Extracted information START

lemma perm_insert_max_permutes:
  assumes \<sigma>: "\<sigma> permutes {1..n}" and j: "1 \<le> j" "j \<le> n"
  shows "perm_insert_max n j \<sigma> permutes {1..Suc n}"
proof (rule inj_imp_permutes)
  have off_max: "perm_insert_max n j \<sigma> i \<in> {1..n}" if i: "i \<in> {1..Suc n}" "i \<noteq> j" for i
  proof (cases "i < j")
    case True
    then show ?thesis using i j permutes_in_image[OF \<sigma>, of i] by (auto simp: perm_insert_max_def)
  next
    case False
    then have "i - 1 \<in> {1..n}" using i j by auto
    then show ?thesis using False i permutes_in_image[OF \<sigma>, of "i - 1"] by (auto simp: perm_insert_max_def)
  qed
  have at_max_iff: "perm_insert_max n j \<sigma> i = Suc n \<longleftrightarrow> i = j" if "i \<in> {1..Suc n}" for i
    using off_max[OF that] by (cases "i = j") (auto simp: perm_insert_max_def)
  show "perm_insert_max n j \<sigma> i \<in> {1..Suc n}" if "i \<in> {1..Suc n}" for i
    using off_max[OF that] at_max_iff[OF that] by (cases "i = j") auto
  show "inj_on (perm_insert_max n j \<sigma>) {1..Suc n}"
  proof (rule inj_onI)
    fix a b assume a: "a \<in> {1..Suc n}" and b: "b \<in> {1..Suc n}"
      and eq: "perm_insert_max n j \<sigma> a = perm_insert_max n j \<sigma> b"
    show "a = b"
    proof (cases "a = j \<or> b = j")
      case True
      then show ?thesis using eq at_max_iff[OF a] at_max_iff[OF b] by metis
    next
      case False
      then have "\<sigma> (if a < j then a else a - 1) = \<sigma> (if b < j then b else b - 1)"
        using eq a b by (auto simp: perm_insert_max_def)
      then have "(if a < j then a else a - 1) = (if b < j then b else b - 1)"
        using permutes_inj[OF \<sigma>] by (simp add: inj_eq)
      then show ?thesis using False by (auto split: if_splits)
    qed
  qed
qed (use j permutes_not_in[OF \<sigma>] in \<open>auto simp: perm_insert_max_def\<close>)
lemma is_group_aut_dsum:
  assumes comp: "\<forall>\<sigma>\<in>I. is_group_aut UNIV (padd \<sigma>) (padd_fsum \<sigma> as)"
  shows "is_group_aut (dsum_carrier I) (dsum_add I) (fsum_action (dsum_add I) dsum_zero dsum_smult as)"
proof -
  let ?A = "fsum_action (dsum_add I) dsum_zero dsum_smult as"
  have bij: "bij (padd_fsum \<sigma> as)"
    and hom: "padd_fsum \<sigma> as (padd \<sigma> x y) = padd \<sigma> (padd_fsum \<sigma> as x) (padd_fsum \<sigma> as y)"
    if "\<sigma> \<in> I" for \<sigma> x y
    using comp that by (auto simp: is_group_aut_def)
  have "inj_on ?A (dsum_carrier I)"
  proof (rule inj_onI)
    fix v w assume v: "v \<in> dsum_carrier I" and w: "w \<in> dsum_carrier I" and eq: "?A v = ?A w"
    show "v = w"
    proof
      fix \<sigma>
      show "v \<sigma> = w \<sigma>"
      proof (cases "\<sigma> \<in> I")
        case True
        with fun_cong[OF eq, of \<sigma>] have "padd_fsum \<sigma> as (v \<sigma>) = padd_fsum \<sigma> as (w \<sigma>)"
          by (simp add: fsum_action_dsum[OF v] fsum_action_dsum[OF w])
        then show ?thesis using bij[OF True] by (simp add: bij_betw_def inj_eq)
      next
        case False
        then show ?thesis using v w by (simp add: dsum_carrier_vanishes)
      qed
    qed
  qed
  moreover have "w \<in> ?A ` dsum_carrier I" if w: "w \<in> dsum_carrier I" for w
  proof -
    define v where "v = (\<lambda>\<sigma>. if \<sigma> \<in> I then inv (padd_fsum \<sigma> as) (w \<sigma>) else 0)"
    have inv_zero: "\<sigma> \<in> I \<Longrightarrow> inv (padd_fsum \<sigma> as) 0 = 0" for \<sigma>
      using bij by (metis bij_is_inj inv_f_f padd_fsum_zero)
    have "{\<sigma>. v \<sigma> \<noteq> 0} \<subseteq> {\<sigma>. w \<sigma> \<noteq> 0}"
      unfolding v_def using inv_zero by auto
    moreover have "finite {\<sigma>. w \<sigma> \<noteq> 0}"
      using w by (simp add: dsum_carrier_def)
    ultimately have "finite {\<sigma>. v \<sigma> \<noteq> 0}"
      by (rule finite_subset)
    then have v: "v \<in> dsum_carrier I"
      by (simp add: dsum_carrier_def v_def)
    have "?A v = w"
      unfolding fsum_action_dsum[OF v]
      using w bij by (auto simp: v_def dsum_carrier_vanishes bij_is_surj surj_f_inv_f)
    then show ?thesis using v by blast
  qed
  moreover have "?A (dsum_add I x y) = dsum_add I (?A x) (?A y)"
    if "x \<in> dsum_carrier I" "y \<in> dsum_carrier I" for x y
    unfolding fsum_action_dsum[OF dsum_add_in_carrier[OF that]] fsum_action_dsum[OF that(1)]
      fsum_action_dsum[OF that(2)]
    using hom by (auto simp: dsum_add_def)
  ultimately show ?thesis
    unfolding is_group_aut_def bij_betw_def
    using fsum_action_in_dsum_carrier by blast
qed

lemma is_group_aut_dsum_iff:
  "is_group_aut (dsum_carrier I) (dsum_add I) (fsum_action (dsum_add I) dsum_zero dsum_smult as)
     \<longleftrightarrow> (\<forall>\<sigma>\<in>I. is_group_aut UNIV (padd \<sigma>) (padd_fsum \<sigma> as))"
  using is_group_aut_component is_group_aut_dsum by blast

Extracted information END

(Your task) Every entry should be transcribed exactly, with nothing omitted.

(Written response)
lemma perm_insert_max_permutes:
  assumes \<sigma>: "\<sigma> permutes {1..n}" and j: "1 \<le> j" "j \<le> n"
  shows "perm_insert_max n j \<sigma> permutes {1..Suc n}"
proof (rule inj_imp_permutes)
  have off_max: "perm_insert_max n j \<sigma> i \<in> {1..n}" if i: "i \<in> {1..Suc n}" "i \<noteq> j" for i
  proof (cases "i < j")
    case True
    then show ?thesis using i j permutes_in_image[OF \<sigma>, of i] by (auto simp: perm_insert_max_def)
  next
    case False
    then have "i - 1 \<in> {1..n}" using i j by auto
    then show ?thesis using False i permutes_in_image[OF \<sigma>, of "i - 1"] by (auto simp: perm_insert_max_def)
  qed
  have at_max_iff: "perm_insert_max n j \<sigma> i = Suc n \<longleftrightarrow> i = j" if "i \<in> {1..Suc n}" for i
    using off_max[OF that] by (cases "i = j") (auto simp: perm_insert_max_def)
  show "perm_insert_max n j \<sigma> i \<in> {1..Suc n}" if "i \<in> {1..Suc n}" for i
    using off_max[OF that] at_max_iff[OF that] by (cases "i = j") auto
  show "inj_on (perm_insert_max n j \<sigma>) {1..Suc n}"
  proof (rule inj_onI)
    fix a b assume a: "a \<in> {1..Suc n}" and b: "b \<in> {1..Suc n}"
      and eq: "perm_insert_max n j \<sigma> a = perm_insert_max n j \<sigma> b"
    show "a = b"
    proof (cases "a = j \<or> b = j")
      case True
      then show ?thesis using eq at_max_iff[OF a] at_max_iff[OF b] by metis
    next
      case False
      then have "\<sigma> (if a < j then a else a - 1) = \<sigma> (if b < j then b else b - 1)"
        using eq a b by (auto simp: perm_insert_max_def)
      then have "(if a < j then a else a - 1) = (if b < j then b else b - 1)"
        using permutes_inj[OF \<sigma>] by (simp add: inj_eq)
      then show ?thesis using False by (auto split: if_splits)
    qed
  qed
qed (use j permutes_not_in[OF \<sigma>] in \<open>auto simp: perm_insert_max_def\<close>)
lemma is_group_aut_dsum:
  assumes comp: "\<forall>\<sigma>\<in>I. is_group_aut UNIV (padd \<sigma>) (padd_fsum \<sigma> as)"
  shows "is_group_aut (dsum_carrier I) (dsum_add I) (fsum_action (dsum_add I) dsum_zero dsum_smult as)"
proof -
  let ?A = "fsum_action (dsum_add I) dsum_zero dsum_smult as"
  have bij: "bij (padd_fsum \<sigma> as)"
    and hom: "padd_fsum \<sigma> as (padd \<sigma> x y) = padd \<sigma> (padd_fsum \<sigma> as x) (padd_fsum \<sigma> as y)"
    if "\<sigma> \<in> I" for \<sigma> x y
    using comp that by (auto simp: is_group_aut_def)
  have "inj_on ?A (dsum_carrier I)"
  proof (rule inj_onI)
    fix v w assume v: "v \<in> dsum_carrier I" and w: "w \<in> dsum_carrier I" and eq: "?A v = ?A w"
    show "v = w"
    proof
      fix \<sigma>
      show "v \<sigma> = w \<sigma>"
      proof (cases "\<sigma> \<in> I")
        case True
        with fun_cong[OF eq, of \<sigma>] have "padd_fsum \<sigma> as (v \<sigma>) = padd_fsum \<sigma> as (w \<sigma>)"
          by (simp add: fsum_action_dsum[OF v] fsum_action_dsum[OF w])
        then show ?thesis using bij[OF True] by (simp add: bij_betw_def inj_eq)
      next
        case False
        then show ?thesis using v w by (simp add: dsum_carrier_vanishes)
      qed
    qed
  qed
  moreover have "w \<in> ?A ` dsum_carrier I" if w: "w \<in> dsum_carrier I" for w
  proof -
    define v where "v = (\<lambda>\<sigma>. if \<sigma> \<in> I then inv (padd_fsum \<sigma> as) (w \<sigma>) else 0)"
    have inv_zero: "\<sigma> \<in> I \<Longrightarrow> inv (padd_fsum \<sigma> as) 0 = 0" for \<sigma>
      using bij by (metis bij_is_inj inv_f_f padd_fsum_zero)
    have "{\<sigma>. v \<sigma> \<noteq> 0} \<subseteq> {\<sigma>. w \<sigma> \<noteq> 0}"
      unfolding v_def using inv_zero by auto
    moreover have "finite {\<sigma>. w \<sigma> \<noteq> 0}"
      using w by (simp add: dsum_carrier_def)
    ultimately have "finite {\<sigma>. v \<sigma> \<noteq> 0}"
      by (rule finite_subset)
    then have v: "v \<in> dsum_carrier I"
      by (simp add: dsum_carrier_def v_def)
    have "?A v = w"
      unfolding fsum_action_dsum[OF v]
      using w bij by (auto simp: v_def dsum_carrier_vanishes bij_is_surj surj_f_inv_f)
    then show ?thesis using v by blast
  qed
  moreover have "?A (dsum_add I x y) = dsum_add I (?A x) (?A y)"
    if "x \<in> dsum_carrier I" "y \<in> dsum_carrier I" for x y
    unfolding fsum_action_dsum[OF dsum_add_in_carrier[OF that]] fsum_action_dsum[OF that(1)]
      fsum_action_dsum[OF that(2)]
    using hom by (auto simp: dsum_add_def)
  ultimately show ?thesis
    unfolding is_group_aut_def bij_betw_def
    using fsum_action_in_dsum_carrier by blast
qed

lemma is_group_aut_dsum_iff:
  "is_group_aut (dsum_carrier I) (dsum_add I) (fsum_action (dsum_add I) dsum_zero dsum_smult as)
     \<longleftrightarrow> (\<forall>\<sigma>\<in>I. is_group_aut UNIV (padd \<sigma>) (padd_fsum \<sigma> as))"
  using is_group_aut_component is_group_aut_dsum by blast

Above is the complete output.